After spending more than six years in court and seven figures in legal fees, Chuck Peterson said a tear came to his eye this month when he won his case over the government’s breach of two contracts awarded to his firm to construct and run a sewage treatment plant in Paraquita Bay.
Now all that remains is to assess damages either though a settlement or arbitration.
Virgin Islands taxpayers may cry a different kind of tears: Mr. Peterson’s company, Global Water Associates Limited, believes it is owed around $30 million, and the government may have to shell out the money at a time when public finances are stretched thin in the midst of the Covid-19 pandemic.
The decision from the territory’s highest court of appeal ends a long-running dispute that arose from the government’s breach of two no-bid contracts signed on Sept. 19, 2006 by the National Democratic Party administration in power at the time.
The first contract was a $2.68 million deal for Global Water to design, build and install a plant in Paraquita Bay capable of processing 250,000 gallons of wastewater per day. The other was a more lucrative operating agreement, which would have paid the firm $20 per thousand gallons of treated waste over a period of 12 years.
But the government never provided a prepared project site as agreed, and the Virgin Islands Party administration that took power in 2007 abandoned the Global Water plan in favour of a larger deal with the United Kingdom-based firm Biwater.
Cost of damages?
Though Global Water never built the sewage plant, it initially claimed that government’s breach of the two contracts caused the firm damages estimated at more than $22 million, according to a “case summary” drafted by company attorneys at the law firm O’Neal Webster in 2012.
However, when the dispute went to a three-person arbitration panel in 2014, the panel ruled that Global Water should be compensated only for government’s breach of the $2.68 million design-and-build contract.
It is unclear how much money would have been awarded by the arbitrators, as Global Water brought the case to the Commercial Court before they had decided the value of the firm’s claim.
In a February 2016 judgment, then-Commercial Court Justice Barry Leon ruled that the arbitration panel erred when it decided to award compensation to Global Water based only on government’s breach of the design-and-build agreement.
The panel, he stated, should also award compensation based on government’s breach of the 12-year operating agreement with the firm.
In 2017, government successfully challenged Mr. Leon’s decision in the Court of Appeal.
The appellate judges ruled that the damages Global Water was claiming from the larger contract were “too remote,” adding that the firm theoretically could have kept its operating contract even if a third party built the plant.
Global Water responded in late 2018 by filing an appeal to the Judicial Committee of the Privy Council — the court of final appeal for the United Kingdom’s overseas territories and Crown dependencies — which ruled in favour of the firm on July 13.
Among other factors, the council considered the “remoteness of damages” claimed for the operating contract, and whether or not government’s failure to provide a project site meant the company should get compensation for that agreement, according to a judgment written by Lord Patrick Hodge.

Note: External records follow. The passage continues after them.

lemma cov2_commutator:
  assumes "open U" "x \<in> U" "\<And>i j k. smooth_on U (Gam i j k)" "\<And>a b. smooth_on U (X a b)"
  shows "cov2 Gam i (cov2 Gam j X) a b x - cov2 Gam j (cov2 Gam i X) a b x
     = - (\<Sum>l\<in>UNIV. X l b x * of_real (curv Gam l a i j x)) - (\<Sum>l\<in>UNIV. X a l x * of_real (curv Gam l b i j x))"
proof -
  have ex: "cov2 Gam i (cov2 Gam j X) a b x = (pd i (pd j (X a b)) x
     - (\<Sum>k\<in>UNIV. of_real (pd i (Gam k j a) x) * X k b x + of_real (Gam k j a x) * pd i (X k b) x)
     - (\<Sum>k\<in>UNIV. of_real (pd i (Gam k j b) x) * X a k x + of_real (Gam k j b x) * pd i (X a k) x))
     - (\<Sum>k\<in>UNIV. of_real (Gam k i a x) * (pd j (X k b) x - (\<Sum>l\<in>UNIV. of_real (Gam l j k x) * X l b x) - (\<Sum>l\<in>UNIV. of_real (Gam l j b x) * X k l x)))
     - (\<Sum>k\<in>UNIV. of_real (Gam k i b x) * (pd j (X a k) x - (\<Sum>l\<in>UNIV. of_real (Gam l j a x) * X l k x) - (\<Sum>l\<in>UNIV. of_real (Gam l j k x) * X a l x)))"
    for i j
    by (simp only: cov2_apply[of Gam i "cov2 Gam j X"] pd_cov2[OF assms] cov2_apply[of Gam j X])
  have sw: "pd i (pd j (X a b)) x = pd j (pd i (X a b)) x" by (rule smooth_pd_commute[OF assms(1,2,4)])
  show ?thesis unfolding ex sw curv_eq_complex[OF assms(1-3)]
    by (rule cov2_commutator_alg)
qed
section \<open>Consequences of Poisson compatibility\<close>

definition torsion_curvature :: "('n::finite \<Rightarrow> 'n \<Rightarrow> 'n \<Rightarrow> real^'n \<Rightarrow> real)
     \<Rightarrow> 'n \<Rightarrow> 'n \<Rightarrow> 'n \<Rightarrow> 'n \<Rightarrow> real^'n \<Rightarrow> real" where
  "torsion_curvature Gam j n m s x = tors_cd Gam j n m s x - curv Gam j n m s x + curv Gam j m n s x"

lemma tors_eq_fun: "tors Gam j b a = (\<lambda>y. Gam j b a y - Gam j a b y)"
  by (rule ext) (simp add: tors_def)

lemma torsion_curvature_eq:
  assumes "open U" "x \<in> U" "\<And>i j k. smooth_on U (Gam i j k)"
  shows "torsion_curvature Gam j b a s x
    = pd b (Gam j s a) x - pd a (Gam j s b) x + (\<Sum>l\<in>UNIV. Gam l s a x * Gam j l b x - Gam l s b x * Gam j l a x)"
proof -
  have d: "\<And>f. smooth_on U f \<Longrightarrow> f differentiable at x" using assms(1,2) smooth_differentiable_at by blast
  have pt: "pd s (tors Gam j b a) x = pd s (Gam j b a) x - pd s (Gam j a b) x"
    unfolding tors_eq_fun by (rule pd_diff; intro d assms)
  have e: "tors_cd Gam j b a s x - curv Gam j b a s x + curv Gam j a b s x =
     (pd s (Gam j b a) x - pd s (Gam j a b) x
      + (\<Sum>l\<in>UNIV. Gam j s l x * (Gam l b a x - Gam l a b x))
      - (\<Sum>l\<in>UNIV. Gam l s b x * (Gam j l a x - Gam j a l x))
      - (\<Sum>l\<in>UNIV. Gam l s a x * (Gam j b l x - Gam j l b x)))
     - (pd a (Gam j s b) x - pd s (Gam j a b) x - (\<Sum>q\<in>UNIV. Gam q a b x * Gam j s q x) + (\<Sum>q\<in>UNIV. Gam q s b x * Gam j a q x))
     + (pd b (Gam j s a) x - pd s (Gam j b a) x - (\<Sum>q\<in>UNIV. Gam q b a x * Gam j s q x) + (\<Sum>q\<in>UNIV. Gam q s a x * Gam j b q x))"
    unfolding tors_cd_def pt curv_eq[OF assms] by (simp add: tors_def)
  show ?thesis unfolding torsion_curvature_def e
    by (simp add: algebra_simps sum.distrib sum_subtractf sum_distrib_left)
qed

lemma pd_poisson:
  fixes om :: "'n::finite \<Rightarrow> 'n \<Rightarrow> real^'n \<Rightarrow> real"
  assumes "poisson_compatible U om Gam" "y \<in> U"
  shows "pd l (om i j) y = - (\<Sum>k\<in>UNIV. om k j y * Gam i k l y + om i k y * Gam j k l y)"
proof -
  have "pd l (om i j) y - (\<Sum>k\<in>UNIV. om k j y * cov Gam k (dx i) l y) - (\<Sum>k\<in>UNIV. om i k y * cov Gam k (dx j) l y) = 0"
    using assms unfolding poisson_compatible_def by blast
  then show ?thesis by (simp add: cov_dx sum.distrib sum_negf algebra_simps)
qed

In considering the question, the council reviewed cases that the arbitrators referenced in their decision and found a strong likelihood that Global Water would have earned the operating profits if government had upheld its end of the deal.
But the probability of earnings wasn’t the only factor of importance, Lord Hodge wrote: The court also had to consider the responsibility of all parties to do the job expected of them well.

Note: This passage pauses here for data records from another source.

lemma affine_pieces_le_imp_breakpoints_le:
  fixes \<sigma> :: "real \<Rightarrow> real"
  assumes cont: "continuous_on UNIV \<sigma>" and "affine_pieces_le \<sigma> p"
  shows "breakpoints_le \<sigma> (p - 1)"
proof -
  obtain I where int: "\<forall>i<p. is_interval (I i)" and disj: "\<forall>i<p. \<forall>j<p. i \<noteq> j \<longrightarrow> I i \<inter> I j = {}"
    and cover: "(\<Union>i<p. I i) = UNIV" and aff: "\<forall>i<p. \<exists>c d. \<forall>x\<in>I i. \<sigma> x = c * x + d"
    using assms(2) unfolding affine_pieces_le_def by blast
  have "\<exists>i0<p. \<not> bdd_below (I i0)"
  proof (rule ccontr)
    assume "\<not> (\<exists>i0<p. \<not> bdd_below (I i0))"
    then have "bdd_below (UNIV :: real set)" unfolding cover[symmetric] by simp
    then obtain M :: real where "\<And>x. M \<le> x" by (meson UNIV_I bdd_below.E)
    then have "M \<le> M - 1" by blast
    then show False by simp
  qed
  then obtain i0 where "i0 < p" "\<not> bdd_below (I i0)" by auto
  define J where "J = {i. i < p \<and> bdd_below (I i)}"
  define Q where "Q = (\<lambda>i. Inf (I i)) ` J"
  have J: "J \<subseteq> {..<p} - {i0}" using \<open>\<not> bdd_below (I i0)\<close> by (auto simp: J_def)
  then have "finite J" by (rule finite_subset) simp
  have "card Q \<le> card J" unfolding Q_def using \<open>finite J\<close> by (rule card_image_le)
  also have "\<dots> \<le> card ({..<p} - {i0})" using J by (intro card_mono) auto
  also have "\<dots> = p - 1" using \<open>i0 < p\<close> by simp
  finally have "card Q \<le> p - 1" .
  moreover have "finite Q" unfolding Q_def using \<open>finite J\<close> by simp
  moreover have "affine_off \<sigma> Q"
    unfolding affine_off_def
  proof (intro allI impI)
    fix a b :: real assume "a < b" and free: "Q \<inter> {a<..<b} = {}"
    have m: "(a + b) / 2 \<in> {a<..<b}" using \<open>a < b\<close> by simp
    obtain i where i: "i < p" "(a + b) / 2 \<in> I i" using cover by blast
    have "\<forall>l<p. bdd_below (I l) \<longrightarrow> Inf (I l) \<notin> {a<..<b}"
      using free unfolding Q_def J_def by blast
    then have "{a<..<b} \<subseteq> I i" using greaterThanLessThan_subset_piece[OF int disj cover _ i m] by blast
    moreover obtain c d where "\<forall>x\<in>I i. \<sigma> x = c * x + d" using aff i by blast
    ultimately have "\<forall>x\<in>{a..b}. \<sigma> x = c * x + d"
      using affine_on_closed_if_affine_on_open[OF cont \<open>a < b\<close>] by blast
    then show "\<exists>c d. \<forall>x\<in>{a..b}. \<sigma> x = c * x + d" by blast
  qed
  ultimately show ?thesis unfolding breakpoints_le_def by blast
qed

“Applying those principles to the facts of the case, it is clear that the losses resulting from an inability to earn profits under the [operating contract] were within the reasonable contemplation of the parties to the [building contract] when they made that contract,” he wrote.
Lord Hodge backed up this position by noting that both contracts were signed on the same day, and both related to the same plant on the same site. The contracts, he wrote, were linked because the company would have to finish the building in order to fulfil the operations contract.
Though the council questioned why two separate contracts had been drawn up in the first place, it decided that the separation didn’t mean government could avoid liability for breaking them both.
Ultimately, the council agreed with Mr. Leon’s ruling that there was “an error of law on the face of the award” that the arbitrators initially gave to Global Water for just the design contract.
The amount government will have to pay the firm — which is likely to include several years’ worth of interest and court costs — will now have to be assessed.
Though Global Water previously claimed government owed the company more than $22 million for breaking both the contracts, Mr. Peterson said interest has brought the sought-after damages closer to $30 million.
The original estimate appears to align loosely with the company’s projected revenue over the contracted period. The operating contract would have been worth $20 per thousand gallons of treated waste over 12 years, and the planned facility could have processed 250,000 gallons per day. If the plant ran at capacity year-round, the revenue from operations would have been almost $22 million.
The government is likely to dispute Global Water’s claimed damages, and if no settlement is reached the matter would go back to arbitration. However, that process would likely take at least a year as the parties would have to reconnect with the original arbitrators and make other preparations, Mr. Peterson said.
The previous arbitration proceedings were closed to the public.
Attempts to reach Attorney General Baba Aziz and Premier Andrew Fahie were unsuccessful.